5.7 Which Way Will Water Move?
- Osmosis
- Bulk flow is the tendency of different substances in a fluid to move together in the same direction due to a pressure gradient (as in animal circulatory systems).
- Osmosis is the passive movement of water across a differentially permeable membrane in response to solute concentration gradients, pressure gradients, or both.
- For example, if a bag containing a sugar solution is placed in pure water, the water will diffuse inward (higher to lower).
- Effects of Tonicity
- Tonicity denotes the relative concentration of solutes in two fluids--extracellular fluid and cytoplasmic fluid, for example.
- Three conditions are possible:
- An isotonic fluid has the same concentration of solutes as the fluid in the cell; immersion in it causes no net movement of water.
- A hypotonic fluid has a lower concentration of solutes than the fluid in the cell; cells immersed in it may swell.
- A hypertonic fluid has a greater concentration of solutes than the fluid in the cell; cells in it may shrivel.
- Cells either are dependent on relatively constant (isotonic) environments or are adapted to hypotonic and hypertonic ones.
- Effects of Fluid Pressure
- Hydrostatic pressure is a force directed against a membrane by a fluid; the greater the solute concentration, the greater will be the hydrostatic pressure it exerts.
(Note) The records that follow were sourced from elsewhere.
(* The space $R^\natural(S^1\times D^2,A_1)$ is homeomorphic to $S^3=\{(z_1,z_2)\in\mathbb{C}^2:|z_1|^2+|z_2|^2=1\}$, via the map sending $(z_1,z_2)$ to the class of $$a=i\sigma_z,\ b=a^{-1},\ A=\begin{pmatrix} z_1&-\bar z_2\\ z_2&\bar z_1\end{pmatrix},\ B=1,\ h=i\sigma_x,\ w=-1.$$ All classes in $R^\natural(S^1\times D^2,A_1)$ are nonabelian.
   Context: Pauli matrices standard. $R^\natural(S^1\times D^2,A_1)$ is the traceless character variety of the solid torus minus an unknotted arc $A_1$, a small meridional loop $H$ around $A_1$, and an arc $W$ joining $A_1$ to $H$, whose fundamental group is $\langle A,B,a,b,h,w\mid hwa=ah,\ b=a^{-1},\ B=1\rangle$. Concretely, it is the space of tuples $(A,B,a,b,h,w)\in SU(2)^6$ with $\operatorname{tr}a=\operatorname{tr}h=0$, $w=-1$, $hwa=ah$, $b=a^{-1}$, $B=1$, modulo simultaneous conjugation, with quotient topology. A class is nonabelian if the matrices of a representative do not all pairwise commute. *)

theory Defs
  imports "HOL-Analysis.Analysis"
begin

type_synonym cmat = "complex^2^2"

definition mat2 :: "complex \<Rightarrow> complex \<Rightarrow> complex \<Rightarrow> complex \<Rightarrow> cmat" where
  "mat2 p q r s = vector [vector [p, q], vector [r, s]]"

definition ctrans :: "cmat \<Rightarrow> cmat" where
  "ctrans U = (\<chi> i j. cnj (U $ j $ i))"

definition SU2 :: "cmat set" where
  "SU2 = {U. U ** ctrans U = mat 1 \<and> det U = 1}"

definition tr2 :: "cmat \<Rightarrow> complex" where
  "tr2 U = U $ 1 $ 1 + U $ 2 $ 2"

definition sigma_x :: cmat where "sigma_x = mat2 0 1 1 0"
definition sigma_z :: cmat where "sigma_z = mat2 1 0 0 (-1)"

type_synonym tuple6 = "cmat \<times> cmat \<times> cmat \<times> cmat \<times> cmat \<times> cmat"

text \<open>Representations (A,B,a,b,h,w) of the fundamental group with the traceless conditions.\<close>
definition Rep_set :: "tuple6 set" where
  "Rep_set = {(A, B, a, b, h, w).
     A \<in> SU2 \<and> B \<in> SU2 \<and> a \<in> SU2 \<and> b \<in> SU2 \<and> h \<in> SU2 \<and> w \<in> SU2 \<and>
     tr2 a = 0 \<and> tr2 h = 0 \<and> w = - mat 1 \<and> h ** w ** a = a ** h \<and>
     b = matrix_inv a \<and> B = mat 1}"

definition conj_tuple :: "cmat \<Rightarrow> tuple6 \<Rightarrow> tuple6" where
  "conj_tuple g t = (case t of (A, B, a, b, h, w) \<Rightarrow>
     (g ** A ** matrix_inv g, g ** B ** matrix_inv g, g ** a ** matrix_inv g,
      g ** b ** matrix_inv g, g ** h ** matrix_inv g, g ** w ** matrix_inv g))"

definition conj_rel :: "tuple6 rel" where
  "conj_rel = {(t, t'). t \<in> Rep_set \<and> t' \<in> Rep_set \<and> (\<exists>g\<in>SU2. t' = conj_tuple g t)}"

definition quotient_topology :: "'a topology \<Rightarrow> 'a rel \<Rightarrow> 'a set topology" where
  "quotient_topology X r =
     topology (\<lambda>U. U \<subseteq> topspace X // r \<and> openin X (\<Union>U))"

definition char_variety :: "tuple6 set topology" where
  "char_variety = quotient_topology (subtopology euclidean Rep_set) conj_rel"

definition S3 :: "(complex \<times> complex) set" where
  "S3 = {(z1, z2). (cmod z1)\<^sup>2 + (cmod z2)\<^sup>2 = 1}"

definition param_map :: "complex \<times> complex \<Rightarrow> tuple6 set" where
  "param_map z = (case z of (z1, z2) \<Rightarrow>
     conj_rel `` {(mat2 z1 (- cnj z2) z2 (cnj z1), mat 1, mat \<i> ** sigma_z, matrix_inv (mat \<i> ** sigma_z),
                   mat \<i> ** sigma_x, - mat 1)})"

definition pairwise_commute_tuple :: "tuple6 \<Rightarrow> bool" where
  "pairwise_commute_tuple t = (case t of (A, B, a, b, h, w) \<Rightarrow>
     (\<forall>X\<in>{A, B, a, b, h, w}. \<forall>Y\<in>{A, B, a, b, h, w}. X ** Y = Y ** X))"

definition nonabelian_class :: "tuple6 set \<Rightarrow> bool" where
  "nonabelian_class c = (\<exists>t\<in>c. \<not> pairwise_commute_tuple t)"

end

theory Submission
  imports Defs
begin

text \<open>Write \<open>SU(2)\<close> as the unit quaternions. The relations say that \<open>a\<close> is a unit
  quaternion of trace zero, i.e. purely imaginary, and (as \<open>w = -1\<close>) that \<open>h\<close> anticommutes
  with \<open>a\<close>; so \<open>a\<close>, \<open>h\<close> and \<open>a h\<close> form an orthonormal frame of the imaginary quaternions, and
  simultaneous conjugation can move it to \<open>i, j, k\<close>. The only datum left is then \<open>A\<close>, an arbitrary
  point of \<open>S\<^sup>3\<close>. Inversely, the real coordinates of \<open>A\<close> with respect to \<open>1, a, a h, h\<close> are
  invariant under conjugation, so they define a continuous map on the quotient, inverse to the
  parametrisation. No tuple is abelian since \<open>a\<close> and \<open>h\<close> anticommute.\<close>

section \<open>Quotient topology\<close>

lemma quotient_eq_class_of_mem:
  assumes "equiv A r" "X \<in> A // r" "x \<in> X"
  shows "X = r `` {x}"
proof -
  obtain a where a: "X = r `` {a}" "a \<in> A" using assms(2) by (rule quotientE)
  then have "(a, x) \<in> r" using assms(3) by simp
  then show ?thesis using a(1) equiv_class_eq[OF assms(1)] by simp
qed
(* Let $\alpha\in(0,1)$, $\beta\in[0,1]$ irrational and $\eta>0$. Then $$\dim_{\mathcal H}\Big(\limsup_{n\to\infty}A_{n,1,\eta}\Big)=0,$$ where $A_{n,1,\eta}=\{x\in[0,1]:\ln(n)\cdot v_{n,1}(x)>\eta\}$ and $\limsup_nA_n=\bigcap_N\bigcup_{n\ge N}A_n$.
   Context: $T_1$ is the Farey map ($T_1(x)=\frac x{1-x}$ for $x\le1/2$, $\frac{1-x}x$ for $x>1/2$) with inverse branches $f_{1,0}(x)=\frac x{1+x}$, $f_{1,1}(x)=\frac1{1+x}$; for $\varphi\in\{0,1\}^n$, $f_{1,\varphi}=f_{1,\varphi_1}\circ\dots\circ f_{1,\varphi_n}$. Itinerary: $\omega_{1,k}(\beta)=0$ if $T_1^{k-1}(\beta)\le1/2$, else $1$; $\omega_1(\beta)|_n=(\omega_{1,1}(\beta),\dots,\omega_{1,n}(\beta))$. With $v_{\beta,\alpha}(x)=|x-\beta|^{-\alpha}$, the $1$-tail is $v_{n,1}(x)=|f_{1,\omega_1(\beta)|_n}'(x)|\cdot v_{\beta,\alpha}(f_{1,\omega_1(\beta)|_n}(x))$. $\dim_{\mathcal H}$ denotes Hausdorff dimension. *)

theory Defs
  imports "HOL-Analysis.Analysis" "HOL-Library.Extended_Real"
begin

text \<open>Contribution of a single covering set to the s-dimensional sum,
  with the usual conventions: the empty set contributes 0 and (diam U)^0 = 1.\<close>
definition hd_term :: "real \<Rightarrow> 'a::metric_space set \<Rightarrow> ennreal" where
  "hd_term s U = (if U = {} then 0 else if s = 0 then 1 else ennreal (diameter U powr s))"

definition hausdorff_pre :: "real \<Rightarrow> real \<Rightarrow> 'a::metric_space set \<Rightarrow> ennreal" where
  "hausdorff_pre s \<delta> A =
     (INF U \<in> {U :: nat \<Rightarrow> 'a set. A \<subseteq> (\<Union>i. U i) \<and> (\<forall>i. bounded (U i) \<and> diameter (U i) \<le> \<delta>)}.
        (\<Sum>i. hd_term s (U i)))"

definition hausdorff_measure :: "real \<Rightarrow> 'a::metric_space set \<Rightarrow> ennreal" where
  "hausdorff_measure s A = (SUP \<delta> \<in> {0<..}. hausdorff_pre s \<delta> A)"

definition hausdorff_dim :: "'a::metric_space set \<Rightarrow> real" where
  "hausdorff_dim A = Inf {s. 0 \<le> s \<and> hausdorff_measure s A = 0}"

definition farey_T :: "real \<Rightarrow> real" where
  "farey_T x = (if x \<le> 1/2 then x / (1 - x) else (1 - x) / x)"

definition farey_branch :: "nat \<Rightarrow> real \<Rightarrow> real" where
  "farey_branch j x = (if j = 0 then x / (1 + x) else 1 / (1 + x))"

text \<open>k-th itinerary digit, k >= 1: omega_{1,k}(beta).\<close>
definition farey_digit :: "real \<Rightarrow> nat \<Rightarrow> nat" where
  "farey_digit \<beta> k = (if (farey_T ^^ (k - 1)) \<beta> \<le> 1/2 then 0 else 1)"

text \<open>f_{1,omega_1(beta)|_n} = f_{omega_1} o ... o f_{omega_n}.\<close>
fun farey_word :: "real \<Rightarrow> nat \<Rightarrow> real \<Rightarrow> real" where
  "farey_word \<beta> 0 = id"
| "farey_word \<beta> (Suc n) = farey_word \<beta> n \<circ> farey_branch (farey_digit \<beta> (Suc n))"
- This force is countered by osmotic pressure, which prevents any further increase in the volume of the solution.
- When plants lose water, there is a shrinkage of the cytoplasm called plasmolysis.
5.8 Membrane Traffic To and From the Cell Surface
- Exocytosis and Endocytosis
- In exocytosis, a cytoplasmic vesicle moves substances from cytoplasm to plasma membrane where the membranes of the vesicle and cell fuse.
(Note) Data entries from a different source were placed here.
(* In a proper space the back-and-forth relations stabilise at level omega. The finite-level
   relations ~n are closed under limits of tuples, and a witness b for a new point a with
   xs a ~n ys b satisfies d(b, ys!0) = d(a, xs!0), so witnesses for all levels lie in one closed
   ball and a subsequence converges; its limit witnesses every level at once. Hence ~omega
   implies ~(omega+1), and by induction ~omega implies ~mu for every mu. So every SR(as, bs)
   other than infinity is finite, SR(as) <= omega and SR(C(M)) <= omega + 1. Since every finite
   order is computable, omega <= omega_1^x for every oracle x, which gives the bound. *)

definition same_dists :: "'p::metric_space list \<Rightarrow> 'p list \<Rightarrow> bool" where
  "same_dists xs ys \<longleftrightarrow> length xs = length ys \<and>
     (\<forall>i<length xs. \<forall>j<length xs. dist (xs ! i) (xs ! j) = dist (ys ! i) (ys ! j))"

lemma piso_iff_same_dists: "piso xs ys \<longleftrightarrow> same_dists xs ys"
proof
  assume iso: "piso xs ys"
  have "dist (xs ! i) (xs ! j) = dist (ys ! i) (ys ! j)"
    if ij: "i < length xs" "j < length xs" for i j
  proof (rule ccontr)
    let ?u = "dist (xs ! i) (xs ! j)" and ?v = "dist (ys ! i) (ys ! j)"
    assume "?u \<noteq> ?v"
    then have "min ?u ?v < max ?u ?v" by linarith
    then obtain q where q: "min ?u ?v < of_rat q" "of_rat q < max ?u ?v"
      using of_rat_dense by blast
    moreover have "0 \<le> min ?u ?v" by simp
    ultimately have "0 < (of_rat q :: real)" by linarith
    then have "?u < of_rat q \<longleftrightarrow> ?v < of_rat q"
      using iso ij unfolding piso_def by simp
    with q show False by linarith
  qed
  with iso show "same_dists xs ys" by (simp add: piso_def same_dists_def)
next
  assume "same_dists xs ys"
  then show "piso xs ys"
    unfolding piso_def same_dists_def by (metis dist_eq_0_iff)
qed

lemma same_dists_snocD:
  assumes "same_dists (xs @ [a]) (ys @ [b])"
  shows "same_dists xs ys" and "i < length xs \<Longrightarrow> dist a (xs ! i) = dist b (ys ! i)"
proof -
  have len: "length xs = length ys" using assms by (simp add: same_dists_def)
  have dist: "dist ((xs @ [a]) ! i) ((xs @ [a]) ! j) = dist ((ys @ [b]) ! i) ((ys @ [b]) ! j)"
    if "i \<le> length xs" "j \<le> length xs" for i j
    using assms that unfolding same_dists_def by simp
  show "same_dists xs ys"
    unfolding same_dists_def
  proof (intro conjI allI impI len)
    fix i j assume "i < length xs" "j < length xs"
    then show "dist (xs ! i) (xs ! j) = dist (ys ! i) (ys ! j)"
      using len dist[of i j] by (simp add: nth_append)
  qed
  show "dist a (xs ! i) = dist b (ys ! i)" if "i < length xs"
    using len dist[of "length xs" i] that by (simp add: nth_append)
qed

definition forth :: "('a list \<Rightarrow> 'a list \<Rightarrow> bool) \<Rightarrow> 'a list \<Rightarrow> 'a list \<Rightarrow> bool" where
  "forth R xs ys \<longleftrightarrow> (\<forall>a. \<exists>b. R (xs @ [a]) (ys @ [b]))"

(* The relations ~n of the paper for finite n, with piso replaced by same_dists (see
   piso_iff_same_dists). *)
fun bf_nat :: "nat \<Rightarrow> 'p::metric_space list \<Rightarrow> 'p list \<Rightarrow> bool" where
  "bf_nat 0 xs ys \<longleftrightarrow> same_dists xs ys"
| "bf_nat (Suc n) xs ys \<longleftrightarrow> forth (bf_nat n) xs ys \<and> forth (bf_nat n)\<inverse>\<inverse> ys xs"

lemma bf_nat_refl: "bf_nat n xs xs"
  by (induction n arbitrary: xs) (auto simp: same_dists_def forth_def)

lemma bf_nat_sym: "bf_nat n xs ys \<Longrightarrow> bf_nat n ys xs"
  by (induction n arbitrary: xs ys) (simp_all add: same_dists_def forth_def, blast)

lemma bf_nat_Suc_iff: "bf_nat (Suc n) xs ys \<longleftrightarrow> forth (bf_nat n) xs ys \<and> forth (bf_nat n) ys xs"
  using bf_nat_sym unfolding bf_nat.simps forth_def by blast

lemma bf_nat_same_dists: "bf_nat n xs ys \<Longrightarrow> same_dists xs ys"
proof (induction n arbitrary: xs ys)
  case (Suc n)
  then obtain b where "bf_nat n (xs @ [undefined]) (ys @ [b])"
    unfolding bf_nat_Suc_iff forth_def by blast
  then show ?case by (rule same_dists_snocD(1)[OF Suc.IH])
qed simp

lemma bf_nat_SucD: "bf_nat (Suc n) xs ys \<Longrightarrow> bf_nat n xs ys"
proof (induction n arbitrary: xs ys)
  case 0
  then show ?case using bf_nat_same_dists by (metis bf_nat.simps(1))
next
  case (Suc n)
  have "forth (bf_nat (Suc n)) xs ys" "forth (bf_nat (Suc n)) ys xs"
    using Suc.prems by (simp_all only: bf_nat_Suc_iff[of "Suc n"])
  then have "forth (bf_nat n) xs ys" "forth (bf_nat n) ys xs"
    using Suc.IH unfolding forth_def by blast+
  then show ?case by (simp only: bf_nat_Suc_iff)
qed

lemma bf_nat_antimono: "m \<le> n \<Longrightarrow> bf_nat n xs ys \<Longrightarrow> bf_nat m xs ys"
  by (induction n rule: dec_induct) (auto simp del: bf_nat.simps dest: bf_nat_SucD)

section \<open>Limits of tuples in proper spaces\<close>

definition tuple_tendsto :: "(nat \<Rightarrow> 'a::topological_space list) \<Rightarrow> 'a list \<Rightarrow> bool" where
  "tuple_tendsto X x \<longleftrightarrow>
     (\<forall>k. length (X k) = length x) \<and> (\<forall>i<length x. (\<lambda>k. X k ! i) \<longlonglongrightarrow> x ! i)"

definition limit_closed :: "('a::topological_space list \<Rightarrow> 'a list \<Rightarrow> bool) \<Rightarrow> bool" where
  "limit_closed R \<longleftrightarrow>
     (\<forall>X Y x y. (\<forall>k. R (X k) (Y k)) \<longrightarrow> tuple_tendsto X x \<longrightarrow> tuple_tendsto Y y \<longrightarrow> R x y)"

lemma limit_closedI:
  "(\<And>X Y x y. (\<And>k. R (X k) (Y k)) \<Longrightarrow> tuple_tendsto X x \<Longrightarrow> tuple_tendsto Y y \<Longrightarrow> R x y)
    \<Longrightarrow> limit_closed R"
  unfolding limit_closed_def by blast

lemma limit_closedD:
  "limit_closed R \<Longrightarrow> (\<And>k. R (X k) (Y k)) \<Longrightarrow> tuple_tendsto X x \<Longrightarrow> tuple_tendsto Y y \<Longrightarrow> R x y"
  unfolding limit_closed_def by blast

lemma tuple_tendsto_const: "tuple_tendsto (\<lambda>k. x) x"
  by (simp add: tuple_tendsto_def)

lemma tuple_tendsto_snoc:
  assumes "tuple_tendsto X x" and "c \<longlonglongrightarrow> l"
  shows "tuple_tendsto (\<lambda>k. X k @ [c k]) (x @ [l])"
  using assms unfolding tuple_tendsto_def by (auto simp: nth_append less_Suc_eq)

lemma tuple_tendsto_subseq:
  assumes "tuple_tendsto X x" and "strict_mono \<sigma>"
  shows "tuple_tendsto (\<lambda>k. X (\<sigma> k)) x"
  using assms LIMSEQ_subseq_LIMSEQ unfolding tuple_tendsto_def o_def by fastforce

lemma same_dists_limit_closed: "limit_closed same_dists"
proof (rule limit_closedI)
  fix X Y :: "nat \<Rightarrow> 'a list" and x y
  assume XY: "\<And>k. same_dists (X k) (Y k)" and X: "tuple_tendsto X x" and Y: "tuple_tendsto Y y"
  have len: "length x = length y"
    using XY X Y by (simp add: same_dists_def tuple_tendsto_def)
  have "dist (x ! i) (x ! j) = dist (y ! i) (y ! j)" if "i < length x" "j < length x" for i j
  proof (rule LIMSEQ_unique)
    show "(\<lambda>k. dist (X k ! i) (X k ! j)) \<longlonglongrightarrow> dist (x ! i) (x ! j)"
      using X that by (intro tendsto_dist) (simp_all add: tuple_tendsto_def)
    have "(\<lambda>k. dist (Y k ! i) (Y k ! j)) \<longlonglongrightarrow> dist (y ! i) (y ! j)"
      using Y that len by (intro tendsto_dist) (simp_all add: tuple_tendsto_def)
    moreover have "dist (X k ! i) (X k ! j) = dist (Y k ! i) (Y k ! j)" for k
      using XY X that by (simp add: same_dists_def tuple_tendsto_def)
    ultimately show "(\<lambda>k. dist (X k ! i) (X k ! j)) \<longlonglongrightarrow> dist (y ! i) (y ! j)"
      by simp
  qed
  with len show "same_dists x y" by (simp add: same_dists_def)
qed

lemma proper_bounded_convergent_subseq:
  fixes c :: "nat \<Rightarrow> 'p::metric_space"
  assumes "\<forall>(x::'p) r. compact (cball x r)" and "bounded (range c)"
  obtains l \<sigma> where "strict_mono \<sigma>" and "(c \<circ> \<sigma>) \<longlonglongrightarrow> l"
proof -
  obtain z r where "range c \<subseteq> cball z r"
    using assms(2) bounded_subset_cball by blast
  moreover have "seq_compact (cball z r)"
    using assms(1) compact_imp_seq_compact by blast
  ultimately show ?thesis
    using that unfolding seq_compact_def by blast
qed

lemma snoc_witnesses_bounded:
  fixes c :: "nat \<Rightarrow> 'p::metric_space"
  assumes dists: "\<And>n. same_dists (X n @ [a]) (Y n @ [c n])"
    and X: "tuple_tendsto X x" and Y: "tuple_tendsto Y y" and "x \<noteq> []"
  shows "bounded (range c)"
proof -
  have len: "length (X n) = length x" "length (Y n) = length x" for n
    using X Y dists[of n] by (simp_all add: tuple_tendsto_def same_dists_def)
  with \<open>x \<noteq> []\<close> have x0: "0 < length x" "0 < length y" "0 < length (X n)" for n
    using Y by (auto simp: tuple_tendsto_def)
  let ?bound = "\<lambda>n. dist a (X n ! 0) + dist (Y n ! 0) (y ! 0)"
  have "?bound \<longlonglongrightarrow> dist a (x ! 0) + dist (y ! 0) (y ! 0)"
    using X Y x0 by (intro tendsto_intros) (simp_all add: tuple_tendsto_def)
  then have "bounded (range ?bound)"
    by (rule convergent_imp_bounded)
  then obtain K where "\<forall>r\<in>range ?bound. norm r \<le> K"
    unfolding bounded_iff by blast
  then have K: "\<bar>?bound n\<bar> \<le> K" for n
    by simp
  have "dist (y ! 0) (c n) \<le> K" for n
  proof -
    have "dist (c n) (y ! 0) \<le> dist (c n) (Y n ! 0) + dist (Y n ! 0) (y ! 0)"
      by (rule dist_triangle)
    also have "dist (c n) (Y n ! 0) = dist a (X n ! 0)"
      using same_dists_snocD(2)[OF dists[of n], of 0] x0(3) by simp
    finally show ?thesis using K[of n] by (simp add: dist_commute)
  qed
  then show "bounded (range c)"
    unfolding bounded_def by (intro exI[of _ "y ! 0"] exI[of _ K]) simp
qed

lemma forth_limit:
  fixes R :: "nat \<Rightarrow> 'p::metric_space list \<Rightarrow> 'p list \<Rightarrow> bool"
  assumes proper: "\<forall>(x::'p) r. compact (cball x r)"
    and antimono: "\<And>m n xs ys. m \<le> n \<Longrightarrow> R n xs ys \<Longrightarrow> R m xs ys"
    and closed: "\<And>n. limit_closed (R n)"
    and dists: "\<And>n xs ys. R n xs ys \<Longrightarrow> same_dists xs ys"
    and refl: "\<And>n xs. R n xs xs"
    and forth: "\<And>n. forth (R n) (X n) (Y n)"
    and X: "tuple_tendsto X x" and Y: "tuple_tendsto Y y"
  shows "forth (\<lambda>xs ys. \<forall>n. R n xs ys) x y"
  unfolding forth_def
proof
  fix a
  have "\<forall>n. \<exists>b. R n (X n @ [a]) (Y n @ [b])"
    using forth unfolding forth_def by blast
  then obtain c where c: "\<And>n. R n (X n @ [a]) (Y n @ [c n])"
    by metis
  have dists_c: "same_dists (X n @ [a]) (Y n @ [c n])" for n
    using dists c .
  have len: "length x = length y"
    using same_dists_snocD(1)[OF dists_c[of 0]] X Y by (simp add: same_dists_def tuple_tendsto_def)
  show "\<exists>b. \<forall>n. R n (x @ [a]) (y @ [b])"
  proof (cases "x = []")
    case True
    with len refl show ?thesis by auto
  next
    case False
    with dists_c X Y have "bounded (range c)"
      by (rule snoc_witnesses_bounded)
    then obtain l \<sigma> where \<sigma>: "strict_mono \<sigma>" and l: "(c \<circ> \<sigma>) \<longlonglongrightarrow> l"
      using proper_bounded_convergent_subseq[OF proper] by blast
    have "R m (x @ [a]) (y @ [l])" for m
    proof -
      let ?\<tau> = "\<lambda>k. \<sigma> (k + m)"
      have \<tau>: "strict_mono ?\<tau>"
        using \<sigma> by (simp add: strict_mono_def)
      have "m \<le> ?\<tau> k" for k
        using seq_suble[OF \<sigma>, of "k + m"] by simp
      then have "R m (X (?\<tau> k) @ [a]) (Y (?\<tau> k) @ [c (?\<tau> k)])" for k
        by (rule antimono[OF _ c])
      moreover have "tuple_tendsto (\<lambda>k. X (?\<tau> k) @ [a]) (x @ [a])"
        using tuple_tendsto_snoc[OF tuple_tendsto_subseq[OF X \<tau>] tendsto_const] .
      moreover have "(\<lambda>k. c (?\<tau> k)) \<longlonglongrightarrow> l"
        using LIMSEQ_ignore_initial_segment[OF l, of m] by (simp add: o_def)
      then have "tuple_tendsto (\<lambda>k. Y (?\<tau> k) @ [c (?\<tau> k)]) (y @ [l])"
        by (rule tuple_tendsto_snoc[OF tuple_tendsto_subseq[OF Y \<tau>]])
      ultimately show ?thesis
        by (rule limit_closedD[OF closed])
    qed
    then show ?thesis by blast
  qed
qed

lemma bf_nat_limit_closed:
  assumes proper: "\<forall>(x::'p::metric_space) r. compact (cball x r)"
  shows "limit_closed (bf_nat n :: 'p list \<Rightarrow> 'p list \<Rightarrow> bool)"
proof (induction n)
  case 0
  have "bf_nat 0 = same_dists" by (intro ext) simp
  then show ?case using same_dists_limit_closed by simp
next
  case (Suc n)
  show ?case
  proof (rule limit_closedI)
    fix X Y and x y :: "'p list"
    assume XY: "\<And>k. bf_nat (Suc n) (X k) (Y k)"
      and X: "tuple_tendsto X x" and Y: "tuple_tendsto Y y"
    have limit: "forth (bf_nat n) x' y'"
      if "\<And>k. forth (bf_nat n) (X' k) (Y' k)" "tuple_tendsto X' x'" "tuple_tendsto Y' y'"
      for X' Y' and x' y' :: "'p list"
      using forth_limit[where R = "\<lambda>_. bf_nat n" and X = X' and Y = Y' and x = x' and y = y',
          OF proper _ Suc bf_nat_same_dists bf_nat_refl] that by simp
    show "bf_nat (Suc n) x y"
      using XY limit[OF _ X Y] limit[OF _ Y X] unfolding bf_nat_Suc_iff by blast
  qed
qed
- Endocytosis encloses particles in small portions of plasma membrane to form vesicles that then move into the cytoplasm.
- In receptor-mediated endocytosis, specific molecules are brought into the cell by specialized regions of the plasma membranes that form coated pits which sink into the cytoplasm.
- In bulk-phase endocytosis, a vesicle forms around a small volume of extracellular fluid without regard to what substances might be dissolved in it.
- Phagocytosis, is an active form of endocytosis by which a cell engulfs microorganisms, particles, or other debris; this is seen in protistans and white blood cells.
- Membrane Cycling
- Even as exocytosis and endocytosis disrupt the plasma membrane, the rates are such that the plasma membrane is continually replaced.
- For example in neurotransmitter release, an episode of exocytosis was immediately followed by counterbalancing endocytosis.